Starting point is 00:07:02 from the Daily Beast that said the U.S. has had to refocus all our surveillance assets in the region, like IRSR assets, like drones, planes, helicopters, satellites maybe on our troops as they evacuate Syria, which means those eyes in the sky are not watching ISIS as these guys are marauding, you know, out of prisons and maybe into Europe. Eight organizations are. are pulling out of the region, which is making everything worse for civilians. So, like, horrible things happened immediately, as everyone predicted, as Erdogan told him what happened. And Trump just ignored it.
Starting point is 00:07:34 Yeah. And, I mean, if you look at a map of Syria, this whole eastern part of Syria, Assad was not there. Right. So this is a huge deal to basically give him the last, you know, one of the last remaining pieces of the country. The ISIS people escaping, you know, we've seen ISIS, you know, be able to regenerate itself. into different forms. And Trump just saying, like, well, they'll go to Europe.
Starting point is 00:07:57 So it's not a problem here. I mean, bear in mind, if we start to see terrorist attacks in Europe from ISIS, like, you're going to be able to draw a line back to this. You know, we don't yet know how this might kind of end up destabilizing or changing the picture in Iraq, where the U.S. still does have some forces present, but Iran has a lot of influence. And now, you know, Russia is going to be bearing down. The Iraqi Kurds are going to feel a little bit more squeezed.
Starting point is 00:08:20 So this will continue to play out. and it will play out in a way that benefits ISIS, that benefits Putin and Iran and the type of Middle East that they've been seeking to build. And so it just the fact that he doesn't seem to care at all. And it also, you know, his talking which used to be, the only thing he had to talk about on foreign policy is that he defeated ISIS and he was putting maximum pressure on Iran. Well, he just opened the door back to ISIS and gave Iran, you know, a significant victory here.
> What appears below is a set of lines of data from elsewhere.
(* Let $(A\mid R)$ and $(A'\mid R')$ be finite presentations such that $(A'\mid R')$ is obtained from $(A\mid R)$ by one of the transformations (I)–(VII). Then $\langle A\mid R\rangle\cong\langle A'\mid R'\rangle$.
   Context: $\mathbb{M}_A$ is the free magma on a non-empty set $A$ (non-associative words with $x+y=(x,y)$); $\mathbb{M}_A^2$ has componentwise operation. A closed congruence on $\mathbb{M}_A$ is an equivalence relation $\theta$ that is a submagma of $\mathbb{M}_A^2$ and satisfies: $(x+x',y+y')\in\theta\Rightarrow (x,y),(x',y')\in\theta$. For $X\subseteq\mathbb{M}_A^2$, $\boxminus(X)$ is the least closed congruence containing $X$. A finite presentation is $(A\mid R)$ with $A$ finite non-empty and $R\subseteq\mathbb{M}_A^2$ finite; $\langle A\mid R\rangle=\mathbb{M}_A/\boxminus(R)$. The minimal generating set of $\mathbb{M}_A^2$ is $\mathcal{G}(\mathbb{M}_A^2)=(A\times\mathbb{M}_A)\cup(\mathbb{M}_A\times A)$; for $p\in\mathbb{M}_A^2$, $\mathbf{g}(p)$ is defined recursively: $\mathbf{g}(p)=\mathbf{g}(p_1)\cup\mathbf{g}(p_2)$ if $p=p_1+p_2$ with $p_1,p_2\in\mathbb{M}_A^2$ (i.e. both coordinates of $p$ are decomposable), and $\mathbf{g}(p)=\{p\}$ otherwise; for a set $S$, $\mathbf{g}(S)=\bigcup_{p\in S}\mathbf{g}(p)$. For $y\in\mathbb{M}_A$, $g(y)\subseteq A$ is the set of letters occurring in $y$. For $a\in A$, $y\in\mathbb{M}_A$, $f_{a\to y}:\mathbb{M}_A\to\mathbb{M}_A$ is the homomorphism sending $a\mapsto y$ and fixing other generators, and $f^2_{a\to y}$ applies it to both coordinates of each pair of a set. The transformations are: (I) if some $(x,y)\in R$ is not in $\mathcal{G}(\mathbb{M}_A^2)$, replace by $(A\mid\mathbf{g}(R))$. (II) if $(a,y),(a,y')\in R\cap(A\times(\mathbb{M}_A\setminus A))$ with $y\neq y'$, replace by $(A\mid (R\setminus\{(a,y')\})\cup\mathbf{g}((y,y')))$. (III) if $(x,b),(x',b)\in R\cap((\mathbb{M}_A\setminus A)\times A)$ with $x\neq x'$, replace by $(A\mid (R\setminus\{(x',b)\})\cup\mathbf{g}((x,x')))$. (IV) if some $(x,y)\in R$ has $x\notin A$, replace by $(A\mid (R\setminus\{(x,y)\})\cup\{(y,x)\})$. (V) if some $a\in A$ has $(a,y)\notin R$ for all $y\in\mathbb{M}_A$ and $(a,a)\notin R$, replace by $(A\mid R\cup\{(a,a)\})$. (VI) if $(a,y),(a',y)\in R\cap(A\times\mathbb{M}_A)$ with $a\neq a'$, replace by $(A\setminus\{a'\}\mid f^2_{a'\to a}(R\setminus\{(a',y)\}))$. (VII) if some $(a,y)\in R\cap(A\times\mathbb{M}_A)$ has $a\notin g(y)$ and $(a,y')\notin R$ for every $y'\neq y$, replace by $(A\setminus\{a\}\mid f^2_{a\to y}(R))$. *)

theory Defs
  imports Main
begin

datatype 'a magma = Gen 'a | Op "'a magma" "'a magma"

definition words :: "'a set \<Rightarrow> 'a magma set" where
  "words A = {w. set_magma w \<subseteq> A}"

definition is_letter :: "'a magma \<Rightarrow> bool" where
  "is_letter w \<longleftrightarrow> (\<exists>a. w = Gen a)"

definition closed_cong :: "'a set \<Rightarrow> ('a magma \<times> 'a magma) set \<Rightarrow> bool" where
  "closed_cong A \<theta> \<longleftrightarrow>
     equiv (words A) \<theta> \<and>
     (\<forall>x y x' y'. (x, y) \<in> \<theta> \<longrightarrow> (x', y') \<in> \<theta> \<longrightarrow> (Op x x', Op y y') \<in> \<theta>) \<and>
     (\<forall>x y x' y'. (Op x x', Op y y') \<in> \<theta> \<longrightarrow> (x, y) \<in> \<theta> \<and> (x', y') \<in> \<theta>)"

definition gen_cong :: "'a set \<Rightarrow> ('a magma \<times> 'a magma) set \<Rightarrow> ('a magma \<times> 'a magma) set" where
  "gen_cong A X = \<Inter>{\<theta>. closed_cong A \<theta> \<and> X \<subseteq> \<theta>}"

definition fin_pres :: "'a set \<Rightarrow> ('a magma \<times> 'a magma) set \<Rightarrow> bool" where
  "fin_pres A R \<longleftrightarrow> finite A \<and> A \<noteq> {} \<and> finite R \<and> R \<subseteq> words A \<times> words A"

definition pres_carrier :: "'a set \<Rightarrow> ('a magma \<times> 'a magma) set \<Rightarrow> 'a magma set set" where
  "pres_carrier A R = words A // gen_cong A R"

text \<open>Operation on classes: [x] + [y] = [x+y] (well defined for a congruence).\<close>
definition pres_op :: "'a set \<Rightarrow> ('a magma \<times> 'a magma) set \<Rightarrow> 'a magma set \<Rightarrow> 'a magma set \<Rightarrow> 'a magma set" where
  "pres_op A R X Y = (\<Union>x\<in>X. \<Union>y\<in>Y. gen_cong A R `` {Op x y})"

definition pres_iso :: "'a set \<Rightarrow> ('a magma \<times> 'a magma) set \<Rightarrow> 'b set \<Rightarrow> ('b magma \<times> 'b magma) set \<Rightarrow> bool" where
  "pres_iso A R A' R' \<longleftrightarrow>
    (\<exists>h. bij_betw h (pres_carrier A R) (pres_carrier A' R') \<and>
         (\<forall>X\<in>pres_carrier A R. \<forall>Y\<in>pres_carrier A R.
             h (pres_op A R X Y) = pres_op A' R' (h X) (h Y)))"

fun gdec :: "'a magma \<times> 'a magma \<Rightarrow> ('a magma \<times> 'a magma) set" where
  "gdec (Op x1 x2, Op y1 y2) = gdec (x1, y1) \<union> gdec (x2, y2)"
| "gdec p = {p}"
text \<open>Every row of \<open>M(t) x = 1\<close> says that the window \<open>[a m - t, a m - t + c)\<close> contains exactly
  one position \<open>b k\<close> with \<open>x k = 1\<close>.  The window of a row that contains \<open>0\<close> must miss the
  nearest 1 on each side of \<open>0\<close>, whereas the window of the neighbouring row, shifted by \<open>a\<close>
  past \<open>0\<close>, must reach it.  This pins each neighbour into a half-open interval of length
  \<open>a < b\<close>, which contains at most one multiple of \<open>b\<close>: either \<open>\<lfloor>c/b\<rfloor> b\<close> or \<open>\<lfloor>c/b\<rfloor> b + b\<close>,
  depending on the residue of \<open>t\<close> mod \<open>a\<close>; residues in the excluded ranges would leave
  the interval without any multiple of \<open>b\<close>.\<close>

lemma sum_zero_one_eq_one_imp_ex1:
  fixes f :: "'a \<Rightarrow> int"
  assumes f01: "\<And>k. f k \<in> {0, 1}" and sum: "sum f A = 1"
  shows "\<exists>!k. k \<in> A \<and> f k = 1"
proof -
  have "finite A" using sum by (metis sum.infinite zero_neq_one)
  have "sum f A = (\<Sum>k\<in>A. if f k = 1 then 1 else 0)"
    by (intro sum.cong refl) (metis f01 insert_iff singletonD)
  also have "\<dots> = of_nat (card {k \<in> A. f k = 1})"
    using sum.inter_filter[OF \<open>finite A\<close>, of "\<lambda>_. 1::int"] by simp
  finally have "card {k \<in> A. f k = 1} = 1" using sum by simp
  then obtain k where "{k \<in> A. f k = 1} = {k}" by (auto simp: card_1_singleton_iff)
  then show ?thesis by (metis (mono_tags, lifting) mem_Collect_eq singletonD singletonI)
qed

lemma row_eq_one_imp_ex1_hit:
  assumes "x \<in> Bb" and "Mmul a b c t x m = 1"
  shows "\<exists>!k. 0 \<le> t - a * of_int m + b * of_int k \<and> t - a * of_int m + b * of_int k < c \<and> x k = 1"
proof -
  let ?W = "{k. 0 \<le> t - a * of_int m + b * of_int k \<and> t - a * of_int m + b * of_int k < c}"
  have "Mmul a b c t x m = sum x ?W"
    unfolding Mmul_def by (rule sum.cong) (auto simp: chi_def)
  then have "\<exists>!k. k \<in> ?W \<and> x k = 1"
    using assms by (intro sum_zero_one_eq_one_imp_ex1) (auto simp: Bb_def)
  then show ?thesis by simp
qed
lemma integrable_rho_div_norm:
  assumes "2 \<le> DIM('a)"
  shows "integrable (restrict_space lebesgue \<Omega>) (\<lambda>y. rho \<Omega> J \<epsilon> y x / norm (y - x))"
proof -
  define c where "c = J 0 / (\<epsilon> * (measure lborel (ball (0::'a) 1) * \<epsilon> ^ DIM('a)))"
  define g where "g y = c * (indicator (cball x \<epsilon>) y / norm (y - x))" for y
  have [measurable]: "cball x \<epsilon> \<in> sets borel" by simp
  have "integrable lborel g"
    unfolding g_def by (intro integrable_mult_right integrable_inverse_norm_cball assms)
  then have "integrable lebesgue g"
    by (intro integrable_completion[THEN iffD2]) (simp_all add: g_def)
  then have g: "integrable (restrict_space lebesgue \<Omega>) g"
    using domain_measurable by (intro integrable_restrict_space[THEN iffD2] integrable_mult_indicator) auto
  note [measurable] = rho_measurable measurable_restrict_space_ident
  show ?thesis
  proof (rule Bochner_Integration.integrable_bound[OF g])
    show "AE y in restrict_space lebesgue \<Omega>. norm (rho \<Omega> J \<epsilon> y x / norm (y - x)) \<le> norm (g y)"
    proof (rule AE_I2)
      fix y
      have "norm (rho \<Omega> J \<epsilon> y x / norm (y - x)) = rho \<Omega> J \<epsilon> y x / norm (y - x)"
        using rho_nonneg by simp
      also have "\<dots> \<le> g y"
        using divide_right_mono[OF rho_le[unfolded c_def[symmetric]], of "norm (y - x)"]
        by (simp add: g_def)
      finally show "norm (rho \<Omega> J \<epsilon> y x / norm (y - x)) \<le> norm (g y)" by simp
    qed
  qed measurable
qed

lemma stiff_bounds: "0 \<le> stiff gp mu rL L u y x t \<and> stiff gp mu rL L u y x t \<le> mu"
proof -
  define r where "r = rstar L t y x u"
  have "0 \<le> gp r / (mu * r) \<and> gp r / (mu * r) \<le> 1" if "rL < r"
    using that rL_pos mu_pos gp_bounds[of r] by (auto simp: divide_le_eq)
  then have "0 \<le> phase gp mu rL L u y x t \<and> phase gp mu rL L u y x t \<le> 1"
    unfolding phase_def r_def[symmetric] Let_def by auto
  then show ?thesis
    using mu_pos unfolding stiff_def by (auto simp: mult_le_cancel_left1)
qed

\<comment> \<open>mu times the phase field is the secant modulus g'(r^*)/r^*, also on the linear branch
  r^* <= rL.\<close>
lemma stiff_mult_bondS_eq:
  assumes "y \<noteq> x" "bondS y x (u t) \<le> Sstar t y x u"
  shows "stiff gp mu rL L u y x t * bondS y x (u t)
    = (if bondS y x (u t) \<le> 0 then mu
       else secant_modulus gp (sqrt (norm (y - x) / L) * Sstar t y x u)) * bondS y x (u t)"
proof (cases "bondS y x (u t) \<le> 0")
  case False
  define r where "r = sqrt (norm (y - x) / L) * Sstar t y x u"
  have "0 < r" unfolding r_def using assms False length_pos by simp
  then have "mu * (if r \<le> rL then 1 else gp r / (mu * r)) = secant_modulus gp r"
    using mu_pos gp_linear[of r] by (simp add: secant_modulus_def)
  then show ?thesis
    using False unfolding stiff_def phase_def rstar_def Let_def r_def by simp
qed (simp add: stiff_def)
lemma proper_action_bounded_return_set:
  fixes act :: "real^'p \<Rightarrow> 'm::topological_space \<Rightarrow> 'm"
  assumes "acts_properly_on G act" and "compact K"
  shows "bounded {g \<in> G. \<exists>y\<in>K. act g y = x}"
proof -
  let ?P = "{p \<in> topspace (prod_topology (top_of_set G) (euclidean :: 'm topology)).
              (\<lambda>(g,y). (act g y, y)) p \<in> {x} \<times> K}"
  have "compactin (prod_topology euclidean euclidean) ({x} \<times> K)"
    using \<open>compact K\<close> by (simp add: compact_Times)
  then have "compactin (prod_topology (top_of_set G) euclidean) ?P"
    using compactin_proper_map_preimage assms(1) unfolding acts_properly_on_def by blast
  then have "compactin (top_of_set G) (fst ` ?P)"
    by (rule image_compactin) (rule continuous_map_fst)
  then have "bounded (fst ` ?P)"
    by (simp add: compactin_subtopology compact_imp_bounded)
  moreover have "{g \<in> G. \<exists>y\<in>K. act g y = x} \<subseteq> fst ` ?P"
  proof
    fix g assume "g \<in> {g \<in> G. \<exists>y\<in>K. act g y = x}"
    then obtain y where "g \<in> G" "y \<in> K" "act g y = x" by blast
    then have "(g, y) \<in> ?P" by simp
    then show "g \<in> fst ` ?P" by (rule rev_image_eqI) simp
  qed
  ultimately show ?thesis by (rule bounded_subset)
qed

definition stabilizer :: "(real^'p \<Rightarrow> 'm \<Rightarrow> 'm) \<Rightarrow> 'm \<Rightarrow> (real^'p) set" where
  "stabilizer act x = {t. act t x = x}"

lemma scaleR_of_nat_in_stabilizer:
  assumes "group_action act" and "t \<in> stabilizer act x"
  shows "real n *\<^sub>R t \<in> stabilizer act x"
proof (induction n)
  case (Suc n)
  have "real (Suc n) *\<^sub>R t = t + real n *\<^sub>R t" by (simp add: algebra_simps)
  with Suc assms show ?case by (simp add: stabilizer_def group_action_def)
qed (use assms in \<open>simp add: stabilizer_def group_action_def\<close>)

lemma bounded_stabilizer_of_relatively_dense_proper:
  fixes act :: "real^'p \<Rightarrow> 'm::topological_space \<Rightarrow> 'm"
  assumes "group_action act" and cont: "continuous_on UNIV (\<lambda>s. act s x)"
    and dense: "\<And>s. \<exists>g\<in>G. norm (s - g) < r" and "acts_properly_on G act"
  shows "bounded (stabilizer act x)"
proof -
  define K where "K = (\<lambda>k. act k x) ` cball 0 r"
  have "compact K"
    unfolding K_def by (rule compact_continuous_image) (auto intro: continuous_on_subset[OF cont])
  then obtain B where B: "\<forall>g\<in>{g \<in> G. \<exists>y\<in>K. act g y = x}. norm g \<le> B"
    using proper_action_bounded_return_set[OF \<open>acts_properly_on G act\<close>] bounded_iff by blast
  have "norm s \<le> B + r" if "s \<in> stabilizer act x" for s
  proof -
    obtain g where g: "g \<in> G" "norm (s - g) < r" using dense by blast
    have "act g (act (s - g) x) = act (g + (s - g)) x"
      using \<open>group_action act\<close> unfolding group_action_def by metis
    also have "\<dots> = x" using that by (simp add: stabilizer_def)
    finally have "act g (act (s - g) x) = x" .
    moreover have "act (s - g) x \<in> K" using g by (auto simp: K_def)
    ultimately have "norm g \<le> B" using B g by blast
    then show ?thesis using g norm_triangle_ineq[of g "s - g"] by simp
  qed
  then show ?thesis by (auto simp: bounded_iff)
qed

lemma zero_if_bounded_nat_multiples:
  fixes t :: "'a::real_normed_vector"
  assumes "bounded S" and "\<And>n. real n *\<^sub>R t \<in> S"
  shows "t = 0"
proof (rule ccontr)
  assume "t \<noteq> 0"
  obtain B where B: "\<And>n. norm (real n *\<^sub>R t) \<le> B"
    using assms by (meson bounded_iff)
  obtain n :: nat where "B / norm t < real n" using reals_Archimedean2 by blast
  with \<open>t \<noteq> 0\<close> have "B < norm (real n *\<^sub>R t)" by (simp add: field_simps)
  with B show False by (meson not_le)
qed

lemma continuous_on_orbit_map:
  assumes "continuous_on UNIV (\<lambda>(t,x). act t x)"
  shows "continuous_on UNIV (\<lambda>t. act t x)"
proof -
  have "continuous_on UNIV ((\<lambda>(t,x). act t x) \<circ> (\<lambda>t. (t, x)))"
    by (intro continuous_on_compose continuous_intros continuous_on_subset[OF assms]) auto
  then show ?thesis by (simp add: o_def)
qed
(* Let $K$ be a field, $1\le n\le d$, $X=\{x_1,\dots,x_n\}$, and let $A=\{a_1^{(d_1)},\dots,a_m^{(d_m)}\}\subset K$ be a multiset ($a_i$ repeated $d_i$ times, $a_i$ pairwise distinct) with $d_1+\cdots+d_m=d$. Let $f=\prod_{i=1}^m(x-a_i)^{d_i}=x^d+f_{d-1}x^{d-1}+\cdots+f_0$ and $G=\{g_1,\dots,g_n\}$ with $g_i(x_1,\dots,x_i)=\sum_{k=i-1}^d f_k\,h^{(i)}_{k-i+1}$ ($f_d=1$). Then: (1) the ideal $(G)\subset K[X]$ is symmetric, i.e. if $g(X)\in (G)$ then $g(x_{\sigma(1)},\dots,x_{\sigma(n)})\in (G)$ for every permutation $\sigma$ of $\{1,\dots,n\}$; (2) for every symmetric polynomial $h\in K[X]$, the normal form $r_G(h)$ of $h$ modulo $G$ with respect to the lexicographic order with $x_1\prec\cdots\prec x_n$ is a symmetric polynomial of degree $\le d-n$ in each variable.
   Context: $h^{(i)}_j=\sum_{k_1+\cdots+k_i=j}x_1^{k_1}\cdots x_i^{k_i}$ is the complete homogeneous symmetric polynomial of degree $j$ in $x_1,\dots,x_i$. Since each $g_i$ has leading term $x_i^{d-i+1}$ for the lexicographic order, $G$ is a Gröbner basis of $(G)$ and $r_G(h)$ is well defined. *)

theory Defs
  imports "HOL-Library.Poly_Mapping" "HOL-Library.Multiset"
          "HOL-Computational_Algebra.Polynomial" "HOL-Combinatorics.Permutations"
begin
(* Let $E^{n+1}$ ($n>1$) be a real affine space, $X\subset E^{n+1}$ a smooth hypersurface, and $\Sigma=\{\sigma: q(\sigma)=1\}$ an ellipsoid, where $q(\sigma)=q(e)+Q(\sigma-e)$ with $Q$ a positive definite quadratic form, $e$ the center and $q(e)<1$. Assume that any line that meets $X$ at least twice or is tangent to $X$ does not touch $\Sigma$. Let $\Phi(x,\sigma)=\langle x-\sigma,\nabla q(\sigma)\rangle$ for $(x,\sigma)\in X\times\Sigma$ and $Z=\{(x,\sigma)\in X\times\Sigma:\Phi(x,\sigma)=0\}$. Then $\mathrm{d}_x\Phi\neq0$ on $Z$, and the map $$\mathrm{D}:Z\times\mathbb{R}_+\to T^*(X)\setminus 0,\qquad \mathrm{D}(x,\sigma,t)=(x,\,t\,\mathrm{d}_x\Phi(x,\sigma))$$ is a diffeomorphism.
   Context: $\langle\cdot,\cdot\rangle$ denotes pairing of a vector with the covector $\nabla q(\sigma)=\mathrm{d}q(\sigma)$. $\mathrm{d}_x\Phi(x,\sigma)$ denotes the differential of $x\mapsto\Phi(x,\sigma)$ restricted to $T_xX$, i.e. an element of $T^*_xX$. $T^*(X)\setminus0$ is the cotangent bundle with the zero section removed. *)

theory Defs
  imports "HOL-Analysis.Analysis"
begin

fun dirderiv :: "('a::real_normed_vector \<Rightarrow> 'b::real_normed_vector) \<Rightarrow> 'a list \<Rightarrow> 'a \<Rightarrow> 'b" where
  "dirderiv f [] = f"
| "dirderiv f (v # vs) = (\<lambda>x. frechet_derivative (dirderiv f vs) (at x) v)"

definition smooth_on_open :: "'a::real_normed_vector set \<Rightarrow> ('a \<Rightarrow> 'b::real_normed_vector) \<Rightarrow> bool" where
  "smooth_on_open U f \<longleftrightarrow> open U \<and> (\<forall>vs. dirderiv f vs differentiable_on U)"

definition smooth_on_set :: "'a::real_normed_vector set \<Rightarrow> ('a \<Rightarrow> 'b::real_normed_vector) \<Rightarrow> bool" where
  "smooth_on_set S f \<longleftrightarrow> (\<forall>x\<in>S. \<exists>U F. open U \<and> x \<in> U \<and> smooth_on_open U F \<and> (\<forall>y\<in>S \<inter> U. F y = f y))"
(* Consider DBSs in a plane with reference point $\mathbf{o}'$, whose locations at time $0$ form a homogeneous PPP of density $\lambda_0$. The serving DBS is the one nearest to $\mathbf{o}'$, at distance $u_0$; it flies towards $\mathbf{o}'$ at speed $v$ and hovers there. Conditioned on $u_0$, the other (interfering) DBSs at time $0$ form a PPP of density $\lambda_0$ outside $b(\mathbf{o}',u_0)$ and $0$ inside it, and each interfering DBS moves according to the RS mobility model with flight distance $R$ having cdf $F_R$ and pdf $f_R$. Then, conditioned on $u_0$, at time $t$ the interfering DBSs form an inhomogeneous PPP whose density at distance $u_{\mathbf{x}}$ from $\mathbf{o}'$ is $$\lambda(t;u_{\mathbf{x}},u_0)=\lambda_0\begin{cases}1 & u_0+vt\le u_{\mathbf{x}},\\ \beta(t,u_{\mathbf{x}},u_0) & |u_0-vt|\le u_{\mathbf{x}}\le u_0+vt,\\ \beta(t,u_{\mathbf{x}},u_0)\,\mathbf{1}\!\left(t>\frac{u_0}{v}\right) & 0\le u_{\mathbf{x}}\le|u_0-vt|,\end{cases}$$ with $$\beta(t,u_{\mathbf{x}},u_0)=F_R(u_{\mathbf{x}}-u_0)+(1-F_R(r))\frac{1}{\pi}\cos^{-1}\!\left(\frac{u_0^2-u_{\mathbf{x}}^2-r^2}{2u_{\mathbf{x}}r}\right)+\int_{|u_{\mathbf{x}}-u_0|}^{r} f_R(l)\frac{1}{\pi}\cos^{-1}\!\left(\frac{u_0^2-u_{\mathbf{x}}^2-l^2}{2u_{\mathbf{x}}l}\right)\mathrm{d}l,$$ where $r=\min\{vt,\,u_{\mathbf{x}}+u_0\}$.
   Context: $b(\mathbf{x},r)$ is the disc of radius $r$ centered at $\mathbf{x}$; $\mathbf{1}(\cdot)$ is the indicator; $F_R(x)=0$ for $x<0$. RS mobility model: each DBS, independently of the others and of its initial location, chooses a direction $\Theta\sim U[0,2\pi)$ and a distance $R\sim f_R$, moves distance $R$ in that direction along a straight line at constant speed $v$, then stops and hovers at the stopping location (so its net displacement at time $t$ is $\min\{vt,R\}$). *)

theory Defs
  imports "HOL-Probability.Probability"
begin

definition poisson_point_process ::
  "'w measure \<Rightarrow> 'a measure \<Rightarrow> ('w \<Rightarrow> 'a measure) \<Rightarrow> bool" where
  "poisson_point_process P L N \<longleftrightarrow>
     prob_space P \<and>
     (\<forall>w\<in>space P. sets (N w) = sets L \<and>
        (\<forall>B\<in>sets L. emeasure (N w) B = \<infinity> \<or> (\<exists>k::nat. emeasure (N w) B = of_nat k))) \<and>
     (\<forall>B\<in>sets L. (\<lambda>w. emeasure (N w) B) \<in> borel_measurable P) \<and>
     (\<forall>B\<in>sets L. emeasure L B < \<infinity> \<longrightarrow>
        (\<forall>k::nat. measure P {w\<in>space P. emeasure (N w) B = of_nat k}
            = (enn2real (emeasure L B)) ^ k / fact k * exp (- enn2real (emeasure L B)))) \<and>
     (\<forall>(I::nat set) B. finite I \<longrightarrow> (\<forall>i\<in>I. B i \<in> sets L \<and> emeasure L (B i) < \<infinity>) \<longrightarrow>
        disjoint_family_on B I \<longrightarrow>
        prob_space.indep_vars P (\<lambda>_. borel) (\<lambda>i w. emeasure (N w) (B i)) I)"

text \<open>Net displacement in the RS mobility model at time t: heading theta, flight
distance l, speed v.\<close>
definition rs_displace :: "real \<Rightarrow> real \<Rightarrow> (real \<times> real) \<times> (real \<times> real) \<Rightarrow> real \<times> real" where
  "rs_displace v t p = (case p of (x, (theta, l)) \<Rightarrow>
      x + min (v * t) l *\<^sub>R (cos theta, sin theta))"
I don't even know what he can say. And to watch him now pivot to like talking about sanctioning Turkey, which we can talk about now, is like, but even if you think that's correct, and I think it's merited, it's totally bizarre to sanction a country for something you told them they could do a week before. Never mind that now we're sanctioning a NATO ally with nuclear weapons.
Starting point is 00:09:19 So Donald Trump has put us in a position where we're kind of forced by circumstance to do this. But you know what? Putting sanctions on a country that has 50 U.S. nuclear weapons and that is in NATO is a big deal. And we didn't have to be there. We're not for Donald Trump getting rolled by Erdogan on that call and now trying to do cleanup with Lindsey Graham on all three. I mean, it's a staggering window into the incompetence in inquiry. that we have in the White House. Yeah, those sanctions are not going to work.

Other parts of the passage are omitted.